Data provided:
(* Let $Y_1,\dots,Y_{n_{obs}}$ ($n_{obs}\ge 2$) be i.i.d. $N(\mu,\sigma^2)$. Let $\bar Y_{obs}=\frac1{n_{obs}}\sum_i Y_i$ and $CSS=\sum_{i=1}^{n_{obs}}(Y_i-\bar Y_{obs})^2$. Fix a real number $\nu_{prior}$ and set $\nu_{PD}=\nu_{prior}+n_{obs}-1>0$. Let $U_{PD}\sim\chi^2_{\nu_{PD}}$ and $Z_{PD}\sim N(0,1/n_{obs})$ be independent of each other and of the data. Define the posterior-draw estimators $\hat\sigma^2_{obs,PD}=CSS/U_{PD}$, $\hat\sigma_{obs,PD}=\sqrt{\hat\sigma^2_{obs,PD}}$ and $\hat\mu_{obs,PD}=\bar Y_{obs}+\hat\sigma_{obs,PD}Z_{PD}$. Then: (i) if $n_{obs}+\nu_{prior}>3$, $E(\hat\mu_{obs,PD})=\mu$, $\operatorname{Var}(\hat\mu_{obs,PD})=\sigma^2\frac{2n_{obs}+\nu_{prior}-4}{n_{obs}(n_{obs}+\nu_{prior}-3)}$, and $E(\hat\sigma^2_{obs,PD})-\sigma^2=\sigma^2\frac{2-\nu_{prior}}{n_{obs}+\nu_{prior}-3}$; (ii) if $n_{obs}+\nu_{prior}>5$, $\operatorname{Var}(\hat\sigma^2_{obs,PD})=\sigma^4\frac{2(n_{obs}-1)(2n_{obs}+\nu_{prior}-4)}{(n_{obs}+\nu_{prior}-5)(n_{obs}+\nu_{prior}-3)^2}$.
   Context: This posterior-draw construction corresponds to Bayesian posterior draws under a uniform prior on $\mu$ and the (possibly improper) prior $f(\sigma^2)\propto\sigma^{-\nu_{prior}-2}$. *)

theory Defs
  imports "HOL-Probability.Probability"
begin

definition chi_squared_density :: "real \<Rightarrow> real \<Rightarrow> real" where
  "chi_squared_density k x =
     (if 0 < x then x powr (k / 2 - 1) * exp (- x / 2) / (2 powr (k / 2) * Gamma (k / 2)) else 0)"

definition sample_mean :: "nat \<Rightarrow> (nat \<Rightarrow> 'a \<Rightarrow> real) \<Rightarrow> 'a \<Rightarrow> real" where
  "sample_mean n Y \<omega> = (\<Sum>i<n. Y i \<omega>) / real n"

definition CSS :: "nat \<Rightarrow> (nat \<Rightarrow> 'a \<Rightarrow> real) \<Rightarrow> 'a \<Rightarrow> real" where
  "CSS n Y \<omega> = (\<Sum>i<n. (Y i \<omega> - sample_mean n Y \<omega>)\<^sup>2)"

definition sigma2_PD :: "nat \<Rightarrow> (nat \<Rightarrow> 'a \<Rightarrow> real) \<Rightarrow> ('a \<Rightarrow> real) \<Rightarrow> 'a \<Rightarrow> real" where
  "sigma2_PD n Y U \<omega> = CSS n Y \<omega> / U \<omega>"

definition mu_PD :: "nat \<Rightarrow> (nat \<Rightarrow> 'a \<Rightarrow> real) \<Rightarrow> ('a \<Rightarrow> real) \<Rightarrow> ('a \<Rightarrow> real) \<Rightarrow> 'a \<Rightarrow> real" where
  "mu_PD n Y U Z \<omega> = sample_mean n Y \<omega> + sqrt (sigma2_PD n Y U \<omega>) * Z \<omega>"

end

theory Submission
  imports Defs
begin

text \<open>
  Write \<open>Y\<^sub>i = \<mu> + X\<^sub>i\<close>. The sample mean and \<open>CSS\<close> are polynomials of degree at most two in
  the independent centred normals \<open>X\<^sub>i\<close>, so Isserlis' formula
  \<open>E (X\<^sub>i X\<^sub>j X\<^sub>k X\<^sub>l) = \<sigma>\<^sup>4 (\<delta>\<^sub>i\<^sub>j \<delta>\<^sub>k\<^sub>l + \<delta>\<^sub>i\<^sub>k \<delta>\<^sub>j\<^sub>l + \<delta>\<^sub>i\<^sub>l \<delta>\<^sub>j\<^sub>k)\<close> gives
  \<open>E CSS = (n - 1) \<sigma>\<^sup>2\<close> and \<open>E CSS\<^sup>2 = (n\<^sup>2 - 1) \<sigma>\<^sup>4\<close> without any distributional fact about
  \<open>CSS\<close> (Cochran's theorem). As \<open>U\<close> and \<open>Z\<close> are independent of the sample and of each other,
  every moment of \<open>CSS / U\<close> and of \<open>mean + sqrt (CSS / U) * Z\<close> factors into a sample moment,
  an inverse moment \<open>E U\<^sup>-\<^sup>1 = 1 / (k - 2)\<close> or \<open>E U\<^sup>-\<^sup>2 = 1 / ((k - 2) (k - 4))\<close> of the
  chi-squared variable with \<open>k = \<nu> + n - 1\<close> degrees of freedom, and a moment of \<open>Z\<close>; the cross
  term in the square of the mean estimator vanishes because \<open>E Z = 0\<close>.
\<close>

section \<open>Products of independent random variables\<close>

lemma prod_list_map_eq_prod_count:
  fixes f :: "'a \<Rightarrow> 'b :: comm_monoid_mult"
  shows "prod_list (map f xs) = (\<Prod>x\<in>set xs. f x ^ count_list xs x)"
proof (induction xs)
  case (Cons y xs)
  have "(\<Prod>x\<in>set (y # xs). f x ^ count_list (y # xs) x)
      = f y ^ Suc (count_list xs y) * (\<Prod>x\<in>set xs - {y}. f x ^ count_list (y # xs) x)"
    by (simp add: prod.insert_remove)
  also have "(\<Prod>x\<in>set xs - {y}. f x ^ count_list (y # xs) x) = (\<Prod>x\<in>set xs - {y}. f x ^ count_list xs x)"
    by (intro prod.cong) auto
  also have "f y ^ Suc (count_list xs y) * \<dots> = f y * (\<Prod>x\<in>set xs. f x ^ count_list xs x)"
    by (cases "y \<in> set xs") (simp_all add: prod.remove count_list_0_iff mult.assoc)
  finally show ?case
    using Cons.IH by simp
qed simp

lemma (in prob_space) indep_sets_reindex:
  assumes "inj_on f I" "indep_sets F (f ` I)"
  shows "indep_sets (\<lambda>i. F (f i)) I"
proof (rule indep_setsI)
  show "F (f i) \<subseteq> events" if "i \<in> I" for i
    using assms(2) that by (auto simp: indep_sets_def)
next
  fix A J assume J: "J \<noteq> {}" "J \<subseteq> I" "finite J" "\<forall>j\<in>J. A j \<in> F (f j)"
  define B where "B = (\<lambda>k. A (the_inv_into J f k))"
  have inj: "inj_on f J" using assms(1) J(2) by (rule inj_on_subset)
  have B: "B (f j) = A j" if "j \<in> J" for j
    using the_inv_into_f_f[OF inj that] by (simp add: B_def)
  have "prob (\<Inter>k\<in>f ` J. B k) = (\<Prod>k\<in>f ` J. prob (B k))"
    by (rule indep_setsD[OF assms(2)]) (use J B in auto)
  then show "prob (\<Inter>j\<in>J. A j) = (\<Prod>j\<in>J. prob (A j))"
    by (simp add: prod.reindex[OF inj] B)
qed

lemma (in prob_space) indep_vars_reindex:
  assumes "inj_on f I" "indep_vars M' X (f ` I)"
  shows "indep_vars (\<lambda>i. M' (f i)) (\<lambda>i. X (f i)) I"
  using assms indep_sets_reindex[OF assms(1)] unfolding indep_vars_def by auto

lemma (in prob_space) has_bochner_integral_const: "has_bochner_integral M (\<lambda>_. c) (c :: real)"
  by (simp add: has_bochner_integral_iff prob_space)

lemma (in prob_space) has_bochner_integral_indep_prod_list:
  fixes X :: "'i \<Rightarrow> 'a \<Rightarrow> real"
  assumes indep: "indep_vars (\<lambda>_. borel) X I" and xs: "set xs \<subseteq> I"
    and moments: "\<And>i. i \<in> set xs \<Longrightarrow> has_bochner_integral M (\<lambda>\<omega>. X i \<omega> ^ count_list xs i) (m i)"
  shows "has_bochner_integral M (\<lambda>\<omega>. \<Prod>i\<leftarrow>xs. X i \<omega>) (\<Prod>i\<in>set xs. m i)"
proof -
  have powers: "indep_vars (\<lambda>_. borel) (\<lambda>i \<omega>. X i \<omega> ^ count_list xs i) (set xs)"
    by (rule indep_vars_compose2[OF indep_vars_subset[OF indep xs]]) measurable
  have int: "integrable M (\<lambda>\<omega>. X i \<omega> ^ count_list xs i)" if "i \<in> set xs" for i
    using moments[OF that] by (simp add: has_bochner_integral_iff)
  show ?thesis
    unfolding prod_list_map_eq_prod_count
    using indep_vars_integrable[OF finite_set powers int] indep_vars_lebesgue_integral[OF finite_set powers int]
      moments
    by (simp add: has_bochner_integral_iff)
qed

lemma (in prob_space) has_bochner_integral_indep_block_mult:
  fixes X :: "'i \<Rightarrow> 'a \<Rightarrow> real" and F :: "('i \<Rightarrow> real) \<Rightarrow> real" and g h :: "real \<Rightarrow> real"
  assumes indep: "indep_vars (\<lambda>_. borel) X (insert a (insert b A))"
    and ab: "a \<notin> A" "b \<notin> A" "a \<noteq> b"
    and meas: "F \<in> borel_measurable (PiM A (\<lambda>_. borel))"
      "g \<in> borel_measurable borel" "h \<in> borel_measurable borel"
    and F: "has_bochner_integral M (\<lambda>\<omega>. F (\<lambda>i\<in>A. X i \<omega>)) u"
    and g: "has_bochner_integral M (\<lambda>\<omega>. g (X a \<omega>)) v"
    and h: "has_bochner_integral M (\<lambda>\<omega>. h (X b \<omega>)) w"
  shows "has_bochner_integral M (\<lambda>\<omega>. F (\<lambda>i\<in>A. X i \<omega>) * (g (X a \<omega>) * h (X b \<omega>))) (u * (v * w))"
proof -
  have "indep_var borel ((\<lambda>f. g (f a)) \<circ> (\<lambda>\<omega>. \<lambda>i\<in>{a}. X i \<omega>)) borel ((\<lambda>f. h (f b)) \<circ> (\<lambda>\<omega>. \<lambda>i\<in>{b}. X i \<omega>))"
    by (rule indep_var_compose[OF indep_var_restrict[OF indep]]) (use ab meas in auto)
  then have gh: "indep_var borel (\<lambda>\<omega>. g (X a \<omega>)) borel (\<lambda>\<omega>. h (X b \<omega>))"
    by (simp add: comp_def)
  have proj: "(\<lambda>f. f a) \<in> borel_measurable (PiM {a, b} (\<lambda>_. borel))"
    "(\<lambda>f. f b) \<in> borel_measurable (PiM {a, b} (\<lambda>_. borel))"
    by (auto intro: measurable_component_singleton)
  have "(\<lambda>f. g (f a) * h (f b)) \<in> borel_measurable (PiM {a, b} (\<lambda>_. borel))"
    using borel_measurable_times[OF measurable_compose[OF proj(1) meas(2)]
        measurable_compose[OF proj(2) meas(3)]] .
  then have "indep_var borel (F \<circ> (\<lambda>\<omega>. \<lambda>i\<in>A. X i \<omega>)) borel ((\<lambda>f. g (f a) * h (f b)) \<circ> (\<lambda>\<omega>. \<lambda>i\<in>{a, b}. X i \<omega>))"
    by (intro indep_var_compose[OF indep_var_restrict[OF indep]]) (use ab meas in auto)
  then have Fgh: "indep_var borel (\<lambda>\<omega>. F (\<lambda>i\<in>A. X i \<omega>)) borel (\<lambda>\<omega>. g (X a \<omega>) * h (X b \<omega>))"
    by (simp add: comp_def)
  have int: "integrable M (\<lambda>\<omega>. F (\<lambda>i\<in>A. X i \<omega>))" "integrable M (\<lambda>\<omega>. g (X a \<omega>))" "integrable M (\<lambda>\<omega>. h (X b \<omega>))"
    using F g h by (auto simp: has_bochner_integral_iff)
  note gh_int = indep_var_integrable[OF gh int(2,3)]
  show ?thesis
    using F g h indep_var_integrable[OF Fgh int(1) gh_int]
      indep_var_lebesgue_integral[OF Fgh int(1) gh_int] indep_var_lebesgue_integral[OF gh int(2,3)]
    by (simp add: has_bochner_integral_iff)
qed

Directions for this task:
Look for the string "assms" in the listing above and copy every line holding it.

Exercise solution:
    using assms(2) that by (auto simp: indep_sets_def)
  have inj: "inj_on f J" using assms(1) J(2) by (rule inj_on_subset)
    by (rule indep_setsD[OF assms(2)]) (use J B in auto)
  using assms indep_sets_reindex[OF assms(1)] unfolding indep_vars_def by auto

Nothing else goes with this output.